++++ Source material ++++

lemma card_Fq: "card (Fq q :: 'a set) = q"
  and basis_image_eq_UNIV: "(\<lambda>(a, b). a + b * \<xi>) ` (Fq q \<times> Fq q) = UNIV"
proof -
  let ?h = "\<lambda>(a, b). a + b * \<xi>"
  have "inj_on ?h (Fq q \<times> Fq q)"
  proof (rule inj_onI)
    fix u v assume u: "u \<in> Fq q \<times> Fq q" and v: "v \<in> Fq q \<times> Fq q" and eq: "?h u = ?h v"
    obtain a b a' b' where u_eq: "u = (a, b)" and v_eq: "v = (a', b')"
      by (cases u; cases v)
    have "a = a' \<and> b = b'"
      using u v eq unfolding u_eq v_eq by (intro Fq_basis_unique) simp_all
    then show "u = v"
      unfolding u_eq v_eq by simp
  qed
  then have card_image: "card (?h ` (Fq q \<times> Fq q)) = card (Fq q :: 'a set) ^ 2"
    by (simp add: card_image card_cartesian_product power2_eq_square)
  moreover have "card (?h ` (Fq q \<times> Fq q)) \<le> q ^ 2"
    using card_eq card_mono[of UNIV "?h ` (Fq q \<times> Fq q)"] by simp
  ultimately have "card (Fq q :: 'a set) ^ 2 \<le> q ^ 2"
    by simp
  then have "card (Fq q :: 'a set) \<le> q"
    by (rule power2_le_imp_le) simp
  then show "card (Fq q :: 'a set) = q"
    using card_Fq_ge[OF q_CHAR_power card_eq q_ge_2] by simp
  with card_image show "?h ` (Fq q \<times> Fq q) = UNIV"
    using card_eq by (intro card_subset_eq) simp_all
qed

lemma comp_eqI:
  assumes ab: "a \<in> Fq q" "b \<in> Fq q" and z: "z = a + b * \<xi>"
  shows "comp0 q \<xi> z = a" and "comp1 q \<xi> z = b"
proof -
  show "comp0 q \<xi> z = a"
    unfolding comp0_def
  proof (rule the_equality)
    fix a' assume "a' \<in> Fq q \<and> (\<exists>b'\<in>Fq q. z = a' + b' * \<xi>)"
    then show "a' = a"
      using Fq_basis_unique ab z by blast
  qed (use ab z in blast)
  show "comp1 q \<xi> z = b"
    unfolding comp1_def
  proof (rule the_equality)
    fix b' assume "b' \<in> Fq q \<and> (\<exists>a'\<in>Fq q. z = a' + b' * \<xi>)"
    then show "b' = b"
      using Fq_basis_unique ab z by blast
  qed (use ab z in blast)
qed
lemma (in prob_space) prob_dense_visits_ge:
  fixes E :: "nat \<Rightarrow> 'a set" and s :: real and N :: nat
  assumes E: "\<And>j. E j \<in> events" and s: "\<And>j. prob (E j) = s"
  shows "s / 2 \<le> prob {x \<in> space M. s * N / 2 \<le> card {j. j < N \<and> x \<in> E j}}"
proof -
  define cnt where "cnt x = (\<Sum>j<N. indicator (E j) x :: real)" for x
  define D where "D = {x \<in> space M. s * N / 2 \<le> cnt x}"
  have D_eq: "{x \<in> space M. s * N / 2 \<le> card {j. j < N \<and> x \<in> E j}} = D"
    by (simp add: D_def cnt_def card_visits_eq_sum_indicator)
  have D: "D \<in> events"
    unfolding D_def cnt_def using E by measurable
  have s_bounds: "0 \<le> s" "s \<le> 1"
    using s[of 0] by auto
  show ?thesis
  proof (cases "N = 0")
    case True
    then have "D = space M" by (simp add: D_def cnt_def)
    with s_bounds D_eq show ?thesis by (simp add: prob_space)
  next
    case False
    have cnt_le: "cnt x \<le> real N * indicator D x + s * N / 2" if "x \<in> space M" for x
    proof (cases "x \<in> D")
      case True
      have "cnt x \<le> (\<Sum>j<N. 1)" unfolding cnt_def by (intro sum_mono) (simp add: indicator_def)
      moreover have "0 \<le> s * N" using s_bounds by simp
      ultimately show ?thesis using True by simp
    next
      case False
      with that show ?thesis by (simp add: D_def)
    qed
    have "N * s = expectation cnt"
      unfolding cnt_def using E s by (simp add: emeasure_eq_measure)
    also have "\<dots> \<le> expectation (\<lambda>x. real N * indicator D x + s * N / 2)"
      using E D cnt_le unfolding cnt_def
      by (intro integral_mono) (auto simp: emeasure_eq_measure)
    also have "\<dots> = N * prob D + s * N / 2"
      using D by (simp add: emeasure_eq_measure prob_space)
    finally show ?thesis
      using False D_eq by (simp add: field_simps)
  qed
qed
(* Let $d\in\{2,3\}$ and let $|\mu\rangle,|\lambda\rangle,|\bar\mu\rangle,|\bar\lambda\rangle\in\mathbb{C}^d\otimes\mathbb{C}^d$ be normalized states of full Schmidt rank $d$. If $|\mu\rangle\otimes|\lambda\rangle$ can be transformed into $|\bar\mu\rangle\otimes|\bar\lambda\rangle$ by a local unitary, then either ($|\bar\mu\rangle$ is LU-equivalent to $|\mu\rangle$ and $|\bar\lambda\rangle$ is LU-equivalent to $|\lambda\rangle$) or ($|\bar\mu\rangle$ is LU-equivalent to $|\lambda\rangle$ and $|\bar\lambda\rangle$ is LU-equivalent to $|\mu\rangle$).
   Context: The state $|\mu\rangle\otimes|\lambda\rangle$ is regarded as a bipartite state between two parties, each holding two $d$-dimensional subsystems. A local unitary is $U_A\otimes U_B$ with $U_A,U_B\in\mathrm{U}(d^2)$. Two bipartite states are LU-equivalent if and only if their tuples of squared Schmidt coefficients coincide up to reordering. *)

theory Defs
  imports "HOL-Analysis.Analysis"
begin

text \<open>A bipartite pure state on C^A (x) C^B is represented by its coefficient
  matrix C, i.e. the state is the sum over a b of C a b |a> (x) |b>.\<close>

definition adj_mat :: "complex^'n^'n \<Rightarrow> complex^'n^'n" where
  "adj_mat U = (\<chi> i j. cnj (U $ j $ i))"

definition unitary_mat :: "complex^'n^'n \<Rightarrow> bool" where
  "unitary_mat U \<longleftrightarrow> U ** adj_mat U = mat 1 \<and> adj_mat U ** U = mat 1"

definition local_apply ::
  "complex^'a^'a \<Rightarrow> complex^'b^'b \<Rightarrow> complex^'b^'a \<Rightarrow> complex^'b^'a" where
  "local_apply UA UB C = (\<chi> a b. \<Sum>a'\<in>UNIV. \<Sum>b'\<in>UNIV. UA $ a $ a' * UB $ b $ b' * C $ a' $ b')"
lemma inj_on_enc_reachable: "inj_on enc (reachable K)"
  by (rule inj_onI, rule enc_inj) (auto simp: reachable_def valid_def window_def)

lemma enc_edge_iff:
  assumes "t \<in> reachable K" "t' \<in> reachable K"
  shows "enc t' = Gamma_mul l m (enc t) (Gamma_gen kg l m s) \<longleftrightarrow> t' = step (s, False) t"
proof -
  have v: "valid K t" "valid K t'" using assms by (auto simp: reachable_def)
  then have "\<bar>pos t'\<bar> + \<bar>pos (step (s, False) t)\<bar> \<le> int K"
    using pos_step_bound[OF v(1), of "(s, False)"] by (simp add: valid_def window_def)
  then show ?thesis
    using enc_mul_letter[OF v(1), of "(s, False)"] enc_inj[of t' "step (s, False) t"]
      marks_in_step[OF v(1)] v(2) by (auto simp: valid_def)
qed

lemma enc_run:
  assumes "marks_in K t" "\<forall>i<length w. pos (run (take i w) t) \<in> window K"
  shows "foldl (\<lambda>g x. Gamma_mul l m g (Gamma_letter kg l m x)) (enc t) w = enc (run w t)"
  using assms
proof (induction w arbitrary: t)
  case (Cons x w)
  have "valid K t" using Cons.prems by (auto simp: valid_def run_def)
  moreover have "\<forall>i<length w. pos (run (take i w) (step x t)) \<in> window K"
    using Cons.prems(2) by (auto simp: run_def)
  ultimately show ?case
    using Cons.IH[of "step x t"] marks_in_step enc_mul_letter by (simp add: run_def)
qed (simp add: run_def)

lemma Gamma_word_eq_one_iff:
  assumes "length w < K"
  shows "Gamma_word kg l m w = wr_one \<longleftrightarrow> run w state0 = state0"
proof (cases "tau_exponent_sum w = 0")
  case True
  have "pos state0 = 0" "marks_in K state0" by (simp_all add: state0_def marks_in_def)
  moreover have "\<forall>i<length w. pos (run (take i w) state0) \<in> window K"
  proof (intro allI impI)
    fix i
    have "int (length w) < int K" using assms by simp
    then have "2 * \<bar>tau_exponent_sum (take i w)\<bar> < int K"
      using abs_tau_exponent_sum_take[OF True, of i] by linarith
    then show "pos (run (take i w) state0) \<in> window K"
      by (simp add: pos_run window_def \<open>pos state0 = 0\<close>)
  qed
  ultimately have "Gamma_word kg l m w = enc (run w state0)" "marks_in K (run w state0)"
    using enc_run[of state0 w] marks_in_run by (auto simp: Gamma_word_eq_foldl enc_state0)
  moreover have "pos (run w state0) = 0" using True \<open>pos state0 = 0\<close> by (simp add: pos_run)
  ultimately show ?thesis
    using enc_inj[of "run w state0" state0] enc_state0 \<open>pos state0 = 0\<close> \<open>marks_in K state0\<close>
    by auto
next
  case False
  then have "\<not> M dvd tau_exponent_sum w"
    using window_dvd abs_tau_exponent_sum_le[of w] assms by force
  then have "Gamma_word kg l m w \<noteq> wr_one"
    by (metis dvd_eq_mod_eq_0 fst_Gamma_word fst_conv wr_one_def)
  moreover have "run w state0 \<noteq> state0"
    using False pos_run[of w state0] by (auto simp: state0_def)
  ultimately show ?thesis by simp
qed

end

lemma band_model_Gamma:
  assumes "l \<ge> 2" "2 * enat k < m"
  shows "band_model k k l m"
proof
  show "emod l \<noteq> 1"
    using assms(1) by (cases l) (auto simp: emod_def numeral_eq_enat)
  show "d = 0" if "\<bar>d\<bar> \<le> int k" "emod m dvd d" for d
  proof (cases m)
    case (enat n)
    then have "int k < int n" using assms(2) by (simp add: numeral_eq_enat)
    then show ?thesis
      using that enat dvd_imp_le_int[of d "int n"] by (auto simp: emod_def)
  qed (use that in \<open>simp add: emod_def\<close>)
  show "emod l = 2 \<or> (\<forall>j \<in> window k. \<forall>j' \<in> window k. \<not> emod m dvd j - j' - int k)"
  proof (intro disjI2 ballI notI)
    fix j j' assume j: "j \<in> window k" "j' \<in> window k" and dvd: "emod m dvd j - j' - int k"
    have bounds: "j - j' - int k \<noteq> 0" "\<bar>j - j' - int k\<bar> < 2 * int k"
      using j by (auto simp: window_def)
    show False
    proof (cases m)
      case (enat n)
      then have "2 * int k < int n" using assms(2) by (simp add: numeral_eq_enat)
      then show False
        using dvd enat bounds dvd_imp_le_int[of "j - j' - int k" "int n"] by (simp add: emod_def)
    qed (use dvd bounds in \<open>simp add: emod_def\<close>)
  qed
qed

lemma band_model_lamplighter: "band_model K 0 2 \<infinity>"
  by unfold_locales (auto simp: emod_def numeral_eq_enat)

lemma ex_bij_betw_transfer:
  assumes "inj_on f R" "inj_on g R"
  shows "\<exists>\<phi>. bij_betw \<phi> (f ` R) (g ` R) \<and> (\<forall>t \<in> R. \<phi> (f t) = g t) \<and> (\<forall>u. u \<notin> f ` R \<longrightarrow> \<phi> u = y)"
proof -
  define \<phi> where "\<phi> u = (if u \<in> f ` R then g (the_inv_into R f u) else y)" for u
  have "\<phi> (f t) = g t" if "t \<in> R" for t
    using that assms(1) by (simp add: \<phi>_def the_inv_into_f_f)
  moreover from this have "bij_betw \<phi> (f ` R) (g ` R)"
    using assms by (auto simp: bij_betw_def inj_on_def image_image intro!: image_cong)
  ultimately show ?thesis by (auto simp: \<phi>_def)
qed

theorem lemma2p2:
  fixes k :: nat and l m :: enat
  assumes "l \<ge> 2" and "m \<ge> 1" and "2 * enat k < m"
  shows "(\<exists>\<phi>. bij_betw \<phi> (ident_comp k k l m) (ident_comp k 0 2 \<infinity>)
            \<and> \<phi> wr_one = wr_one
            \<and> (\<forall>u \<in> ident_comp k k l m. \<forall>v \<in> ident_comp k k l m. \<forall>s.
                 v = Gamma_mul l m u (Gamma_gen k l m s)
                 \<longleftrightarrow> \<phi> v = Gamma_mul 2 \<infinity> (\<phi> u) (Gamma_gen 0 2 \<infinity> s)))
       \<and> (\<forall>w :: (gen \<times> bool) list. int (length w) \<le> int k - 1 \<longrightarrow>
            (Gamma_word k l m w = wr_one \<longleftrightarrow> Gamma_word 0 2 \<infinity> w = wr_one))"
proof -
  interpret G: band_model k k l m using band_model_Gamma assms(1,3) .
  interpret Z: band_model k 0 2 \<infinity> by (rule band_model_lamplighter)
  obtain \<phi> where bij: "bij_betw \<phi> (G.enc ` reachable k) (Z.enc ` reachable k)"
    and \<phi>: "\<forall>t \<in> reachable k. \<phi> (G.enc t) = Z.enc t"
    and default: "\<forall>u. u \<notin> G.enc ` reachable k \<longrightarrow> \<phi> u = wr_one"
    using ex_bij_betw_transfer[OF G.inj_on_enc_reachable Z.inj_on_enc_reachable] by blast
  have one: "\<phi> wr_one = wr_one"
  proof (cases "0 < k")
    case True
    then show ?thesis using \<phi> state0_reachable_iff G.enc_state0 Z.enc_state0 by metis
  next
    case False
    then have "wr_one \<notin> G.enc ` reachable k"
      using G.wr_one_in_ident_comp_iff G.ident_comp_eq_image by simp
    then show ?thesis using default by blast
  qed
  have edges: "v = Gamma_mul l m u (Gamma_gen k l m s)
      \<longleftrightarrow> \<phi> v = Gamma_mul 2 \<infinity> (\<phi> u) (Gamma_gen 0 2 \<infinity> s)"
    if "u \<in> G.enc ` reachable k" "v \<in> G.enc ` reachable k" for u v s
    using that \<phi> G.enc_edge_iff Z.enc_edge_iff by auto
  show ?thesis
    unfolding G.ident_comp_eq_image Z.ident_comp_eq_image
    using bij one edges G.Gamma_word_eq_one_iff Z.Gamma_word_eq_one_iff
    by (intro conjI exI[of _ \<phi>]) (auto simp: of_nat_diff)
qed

++++

§ About this task: Of all the entries above, output exactly the lines between the one holding "unfolding u_eq v_eq by simp" and the one holding "q :: 'a set) \<le>", inclusive.

§ Exercise output:
      unfolding u_eq v_eq by simp
  qed
  then have card_image: "card (?h ` (Fq q \<times> Fq q)) = card (Fq q :: 'a set) ^ 2"
    by (simp add: card_image card_cartesian_product power2_eq_square)
  moreover have "card (?h ` (Fq q \<times> Fq q)) \<le> q ^ 2"
    using card_eq card_mono[of UNIV "?h ` (Fq q \<times> Fq q)"] by simp
  ultimately have "card (Fq q :: 'a set) ^ 2 \<le> q ^ 2"
    by simp
  then have "card (Fq q :: 'a set) \<le> q"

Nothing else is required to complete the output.